Exercise brief =>
I need the records below retyped exactly.

Entries provided =>
lemma minimal_nonfaces_card_pullback:
  assumes Q_min: "\<forall>T. T \<subseteq> W \<and> \<not> Q T \<and> (\<forall>T'. T' \<subset> T \<longrightarrow> Q T') \<longrightarrow> card T = n"
    and inj: "inj_on f V" and "f ` V \<subseteq> W"
    and face_iff: "\<And>S. S \<subseteq> V \<Longrightarrow> P S \<longleftrightarrow> Q (f ` S)"
  shows "\<forall>T. T \<subseteq> V \<and> \<not> P T \<and> (\<forall>T'. T' \<subset> T \<longrightarrow> P T') \<longrightarrow> card T = n"
proof (intro allI impI, elim conjE)
  fix T assume T: "T \<subseteq> V" "\<not> P T" and P_min: "\<forall>T'. T' \<subset> T \<longrightarrow> P T'"
  have "Q U" if "U \<subset> f ` T" for U
  proof -
    obtain T' where "T' \<subseteq> T" "U = f ` T'"
      using \<open>U \<subset> f ` T\<close> by (meson psubset_imp_subset subset_image_iff)
    with \<open>U \<subset> f ` T\<close> have "T' \<subset> T"
      by blast
    then show "Q U"
      using P_min face_iff \<open>U = f ` T'\<close> T(1) by blast
  qed
  moreover have "f ` T \<subseteq> W" "\<not> Q (f ` T)"
    using T face_iff \<open>f ` V \<subseteq> W\<close> by auto
  ultimately have "card (f ` T) = n"
    using Q_min by blast
  then show "card T = n"
    using card_image[OF inj_on_subset[OF inj T(1)]] by simp
qed

theorem lemma3p18:
  fixes E :: "'a set" and Ind :: "'a set \<Rightarrow> bool" and \<G> :: "'a set set" and e :: 'a
  assumes "simple_matroid E Ind"
    and "building_set E Ind \<G>"
    and "flag E Ind \<G>"
    and "e \<in> E"
  shows "flag (del_ground E e) (del_indep Ind e) (del_building E Ind \<G> e)"
proof -
  have m: "matroid E Ind"
    using assms(1) unfolding simple_matroid_def by simp
  let ?D = "del_building E Ind \<G> e"
  have emb: "\<And>X Y. X \<in> ?D \<Longrightarrow> Y \<in> ?D \<Longrightarrow> X \<subseteq> Y \<longleftrightarrow> cl E Ind X \<subseteq> cl E Ind Y"
    using flat_del_subset_iff[OF m] unfolding del_building_def by blast
  have img: "cl E Ind ` ?D \<subseteq> \<G>"
    unfolding del_building_def by blast
  have inj: "inj_on (cl E Ind) (?D - maxset ?D)"
    by (rule inj_on_subset[OF inj_on_order_embedding[of ?D "cl E Ind", OF emb] Diff_subset])
  have vertices: "cl E Ind ` (?D - maxset ?D) \<subseteq> \<G> - maxset \<G>"
    by (rule image_diff_maxset_subset[of ?D "cl E Ind", OF emb img])
  have faces: "\<And>S. S \<subseteq> ?D - maxset ?D \<Longrightarrow>
      nested_face (del_ground E e) (del_indep Ind e) ?D S \<longleftrightarrow> nested_face E Ind \<G> (cl E Ind ` S)"
    by (rule nested_face_image_iff[of ?D "cl E Ind", OF emb img del_building_join_iff[OF m]])
  show ?thesis
    unfolding flag_def
    by (rule minimal_nonfaces_card_pullback[OF assms(3)[unfolded flag_def] inj vertices faces])
qed

end
(* Let $1\le p<\infty$ and $g\in H(\mathbb{D})$. Then the integral operator $I_g: S_2^p\to S_2^p$, $I_gf(z)=\int_0^z f'(w)g(w)\,dw$, is bounded if and only if $g\in S^p$.
   Context: $\mathbb{D}$ is the open unit disc, $H(\mathbb{D})$ the space of analytic functions on $\mathbb{D}$. For $1\le p<\infty$, $H^p$ is the Hardy space of $f\in H(\mathbb{D})$ with $\|f\|_{H^p}^p=\sup_{0<r<1}\frac{1}{2\pi}\int_0^{2\pi}|f(re^{i\theta})|^p\,d\theta<\infty$. $S^p=\{f\in H(\mathbb{D}): f'\in H^p\}$ with norm $\|f\|_{S^p}=|f(0)|+\|f'\|_{H^p}$. $S_2^p=\{f\in H(\mathbb{D}): f''\in H^p\}$ with norm $\|f\|_{S_2^p}=|f(0)|+|f'(0)|+\|f''\|_{H^p}$. *)

theory Defs
  imports "HOL-Complex_Analysis.Complex_Analysis"
begin

definition hardy_mean :: "real \<Rightarrow> (complex \<Rightarrow> complex) \<Rightarrow> real \<Rightarrow> real" where
  "hardy_mean p f r = (1 / (2 * pi)) * integral {0..2*pi} (\<lambda>\<theta>. norm (f (of_real r * cis \<theta>)) powr p)"

definition hardy_space :: "real \<Rightarrow> (complex \<Rightarrow> complex) set" where
  "hardy_space p = {f. f holomorphic_on ball 0 1 \<and> bdd_above (hardy_mean p f ` {0<..<1})}"

definition hardy_norm :: "real \<Rightarrow> (complex \<Rightarrow> complex) \<Rightarrow> real" where
  "hardy_norm p f = (SUP r\<in>{0<..<1}. hardy_mean p f r) powr (1 / p)"

definition S_space :: "real \<Rightarrow> (complex \<Rightarrow> complex) set" where
  "S_space p = {f. f holomorphic_on ball 0 1 \<and> deriv f \<in> hardy_space p}"

definition S2_space :: "real \<Rightarrow> (complex \<Rightarrow> complex) set" where
  "S2_space p = {f. f holomorphic_on ball 0 1 \<and> deriv (deriv f) \<in> hardy_space p}"

definition S2_norm :: "real \<Rightarrow> (complex \<Rightarrow> complex) \<Rightarrow> real" where
  "S2_norm p f = norm (f 0) + norm (deriv f 0) + hardy_norm p (deriv (deriv f))"

definition I_op :: "(complex \<Rightarrow> complex) \<Rightarrow> (complex \<Rightarrow> complex) \<Rightarrow> complex \<Rightarrow> complex" where
  "I_op g f z = contour_integral (linepath 0 z) (\<lambda>w. deriv f w * g w)"

definition I_op_bounded_S2 :: "real \<Rightarrow> (complex \<Rightarrow> complex) \<Rightarrow> bool" where
  "I_op_bounded_S2 p g \<longleftrightarrow> (\<exists>C. \<forall>f \<in> S2_space p.
      I_op g f \<in> S2_space p \<and> S2_norm p (I_op g f) \<le> C * S2_norm p f)"

end

theory Submission
  imports Defs
begin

Problem solution =>
lemma minimal_nonfaces_card_pullback:
  assumes Q_min: "\<forall>T. T \<subseteq> W \<and> \<not> Q T \<and> (\<forall>T'. T' \<subset> T \<longrightarrow> Q T') \<longrightarrow> card T = n"
    and inj: "inj_on f V" and "f ` V \<subseteq> W"
    and face_iff: "\<And>S. S \<subseteq> V \<Longrightarrow> P S \<longleftrightarrow> Q (f ` S)"
  shows "\<forall>T. T \<subseteq> V \<and> \<not> P T \<and> (\<forall>T'. T' \<subset> T \<longrightarrow> P T') \<longrightarrow> card T = n"
proof (intro allI impI, elim conjE)
  fix T assume T: "T \<subseteq> V" "\<not> P T" and P_min: "\<forall>T'. T' \<subset> T \<longrightarrow> P T'"
  have "Q U" if "U \<subset> f ` T" for U
  proof -
    obtain T' where "T' \<subseteq> T" "U = f ` T'"
      using \<open>U \<subset> f ` T\<close> by (meson psubset_imp_subset subset_image_iff)
    with \<open>U \<subset> f ` T\<close> have "T' \<subset> T"
      by blast
    then show "Q U"
      using P_min face_iff \<open>U = f ` T'\<close> T(1) by blast
  qed
  moreover have "f ` T \<subseteq> W" "\<not> Q (f ` T)"
    using T face_iff \<open>f ` V \<subseteq> W\<close> by auto
  ultimately have "card (f ` T) = n"
    using Q_min by blast
  then show "card T = n"
    using card_image[OF inj_on_subset[OF inj T(1)]] by simp
qed

theorem lemma3p18:
  fixes E :: "'a set" and Ind :: "'a set \<Rightarrow> bool" and \<G> :: "'a set set" and e :: 'a
  assumes "simple_matroid E Ind"
    and "building_set E Ind \<G>"
    and "flag E Ind \<G>"
    and "e \<in> E"
  shows "flag (del_ground E e) (del_indep Ind e) (del_building E Ind \<G> e)"
proof -
  have m: "matroid E Ind"
    using assms(1) unfolding simple_matroid_def by simp
  let ?D = "del_building E Ind \<G> e"
  have emb: "\<And>X Y. X \<in> ?D \<Longrightarrow> Y \<in> ?D \<Longrightarrow> X \<subseteq> Y \<longleftrightarrow> cl E Ind X \<subseteq> cl E Ind Y"
    using flat_del_subset_iff[OF m] unfolding del_building_def by blast
  have img: "cl E Ind ` ?D \<subseteq> \<G>"
    unfolding del_building_def by blast
  have inj: "inj_on (cl E Ind) (?D - maxset ?D)"
    by (rule inj_on_subset[OF inj_on_order_embedding[of ?D "cl E Ind", OF emb] Diff_subset])
  have vertices: "cl E Ind ` (?D - maxset ?D) \<subseteq> \<G> - maxset \<G>"
    by (rule image_diff_maxset_subset[of ?D "cl E Ind", OF emb img])
  have faces: "\<And>S. S \<subseteq> ?D - maxset ?D \<Longrightarrow>
      nested_face (del_ground E e) (del_indep Ind e) ?D S \<longleftrightarrow> nested_face E Ind \<G> (cl E Ind ` S)"
    by (rule nested_face_image_iff[of ?D "cl E Ind", OF emb img del_building_join_iff[OF m]])
  show ?thesis
    unfolding flag_def
    by (rule minimal_nonfaces_card_pullback[OF assms(3)[unfolded flag_def] inj vertices faces])
qed

end
(* Let $1\le p<\infty$ and $g\in H(\mathbb{D})$. Then the integral operator $I_g: S_2^p\to S_2^p$, $I_gf(z)=\int_0^z f'(w)g(w)\,dw$, is bounded if and only if $g\in S^p$.
   Context: $\mathbb{D}$ is the open unit disc, $H(\mathbb{D})$ the space of analytic functions on $\mathbb{D}$. For $1\le p<\infty$, $H^p$ is the Hardy space of $f\in H(\mathbb{D})$ with $\|f\|_{H^p}^p=\sup_{0<r<1}\frac{1}{2\pi}\int_0^{2\pi}|f(re^{i\theta})|^p\,d\theta<\infty$. $S^p=\{f\in H(\mathbb{D}): f'\in H^p\}$ with norm $\|f\|_{S^p}=|f(0)|+\|f'\|_{H^p}$. $S_2^p=\{f\in H(\mathbb{D}): f''\in H^p\}$ with norm $\|f\|_{S_2^p}=|f(0)|+|f'(0)|+\|f''\|_{H^p}$. *)

theory Defs
  imports "HOL-Complex_Analysis.Complex_Analysis"
begin

definition hardy_mean :: "real \<Rightarrow> (complex \<Rightarrow> complex) \<Rightarrow> real \<Rightarrow> real" where
  "hardy_mean p f r = (1 / (2 * pi)) * integral {0..2*pi} (\<lambda>\<theta>. norm (f (of_real r * cis \<theta>)) powr p)"

definition hardy_space :: "real \<Rightarrow> (complex \<Rightarrow> complex) set" where
  "hardy_space p = {f. f holomorphic_on ball 0 1 \<and> bdd_above (hardy_mean p f ` {0<..<1})}"

definition hardy_norm :: "real \<Rightarrow> (complex \<Rightarrow> complex) \<Rightarrow> real" where
  "hardy_norm p f = (SUP r\<in>{0<..<1}. hardy_mean p f r) powr (1 / p)"

definition S_space :: "real \<Rightarrow> (complex \<Rightarrow> complex) set" where
  "S_space p = {f. f holomorphic_on ball 0 1 \<and> deriv f \<in> hardy_space p}"

definition S2_space :: "real \<Rightarrow> (complex \<Rightarrow> complex) set" where
  "S2_space p = {f. f holomorphic_on ball 0 1 \<and> deriv (deriv f) \<in> hardy_space p}"

definition S2_norm :: "real \<Rightarrow> (complex \<Rightarrow> complex) \<Rightarrow> real" where
  "S2_norm p f = norm (f 0) + norm (deriv f 0) + hardy_norm p (deriv (deriv f))"

definition I_op :: "(complex \<Rightarrow> complex) \<Rightarrow> (complex \<Rightarrow> complex) \<Rightarrow> complex \<Rightarrow> complex" where
  "I_op g f z = contour_integral (linepath 0 z) (\<lambda>w. deriv f w * g w)"

definition I_op_bounded_S2 :: "real \<Rightarrow> (complex \<Rightarrow> complex) \<Rightarrow> bool" where
  "I_op_bounded_S2 p g \<longleftrightarrow> (\<exists>C. \<forall>f \<in> S2_space p.
      I_op g f \<in> S2_space p \<and> S2_norm p (I_op g f) \<le> C * S2_norm p f)"

end

theory Submission
  imports Defs
begin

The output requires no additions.